The RCN would persuade us that nurses care about patients and managers do not. The RCN tell us their members are poorly paid, and ignore the fact that nurses, compared to any other work group, have enjoyed the largest percentage increase in earnings since 1971, at more than 120 per cent in real terms. The RCN demanded, and got, an independent pay review body, and now they don't like the results.

Thanks to the former Tory leadship hopeful, John Redwood, managers are characterised as men in grey suits, ignoring the fact that it is their Technicolor vision that keeps the NHS in the black. Thanks to party conference rhetoric and a cheap round of applause, the Health Secretary, Stephen Dorrell, has made NHS managers a soft target for cost-cutting, ignoring the fact that in most towns the biggest employer and the most complex business will be the local hospital.

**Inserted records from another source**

text \<open>First-time intrinsic location functionals: representation by sets S g and
  shift-compatible partial orders le g on S g.\<close>
definition first_time :: "((real \<Rightarrow> real) \<Rightarrow> real \<Rightarrow> real \<Rightarrow> ereal) \<Rightarrow> bool" where
  "first_time L \<longleftrightarrow>
    (\<exists>(S :: (real \<Rightarrow> real) \<Rightarrow> real set) (le :: (real \<Rightarrow> real) \<Rightarrow> real \<Rightarrow> real \<Rightarrow> bool).
       (\<forall>g\<in>Hper. \<forall>c. S g = (\<lambda>t. t + c) ` S (shift c g)) \<and>
       (\<forall>g\<in>Hper. (\<forall>t\<in>S g. le g t t) \<and>
                  (\<forall>s\<in>S g. \<forall>t\<in>S g. le g s t \<longrightarrow> le g t s \<longrightarrow> s = t) \<and>
                  (\<forall>r\<in>S g. \<forall>s\<in>S g. \<forall>t\<in>S g. le g r s \<longrightarrow> le g s t \<longrightarrow> le g r t)) \<and>
       (\<forall>g\<in>Hper. \<forall>c. \<forall>s\<in>S (shift c g). \<forall>t\<in>S (shift c g).
           le (shift c g) s t \<longleftrightarrow> le g (s + c) (t + c)) \<and>
       (\<forall>g\<in>Hper. \<forall>t1\<in>S g. \<forall>t2\<in>S g. t1 \<le> t2 \<longrightarrow> le g t2 t1) \<and>
       (\<forall>g\<in>Hper. \<forall>a b. a < b \<longrightarrow>
          (if S g \<inter> {a..b} = {} then L g a b = \<infinity>
           else (\<exists>t. (t \<in> S g \<inter> {a..b} \<and> (\<forall>s\<in>S g \<inter> {a..b}. le g t s \<longrightarrow> s = t)) \<and>
                      (\<forall>t'. (t' \<in> S g \<inter> {a..b} \<and> (\<forall>s\<in>S g \<inter> {a..b}. le g t' s \<longrightarrow> s = t'))
                             \<longrightarrow> t' = t) \<and>
                      L g a b = ereal t))))"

The hospital boss will have responsibility for 3,000 staff, a budget of around pounds 90m and the progress and treatment of hundreds of thousands of patients. He, or she, will work 11 hours a day with evening and week- end meetings thrown in for good measure. Were this work done in the private sector, the salary would be more like pounds 120,000; in the NHS it is merely pounds 65,000.

Managers' contracts of employment, calling for performance, productivity, hours of work "commensurate with requirements", are short term and subject to termination on the flimsiest of grounds. Managers have never gone on strike, threatened to strike or organised themselves into a trades union.

Nurses are the opposite. The RCN has ditched its "no-strike policy" and last year threatened to withdraw co- operation, plunging the NHS into industrial-relations chaos, terrorising vulnerable patients. Nurses' contracts of employment are enshrined in binding national agreements that give cradle- to-grave protection. The RCN has seen to it that performance and productivity are words no nurse ever need worry about. It threatened a strike last year if any hospital trust had the temerity to try to attach performance strings to nurses' pay settlement.

Who are the angels? Is it the nurses who manipulate public opinion and weak politicians with threats, rhetoric and intimidation, or is the real spirit of public service in the hearts and minds of managers who make a creaking nationalised industry work for lower wages than they are worth and more grief than they deserve.

The writer is an associate at the Centre for Health Services Management, University of Nottingham.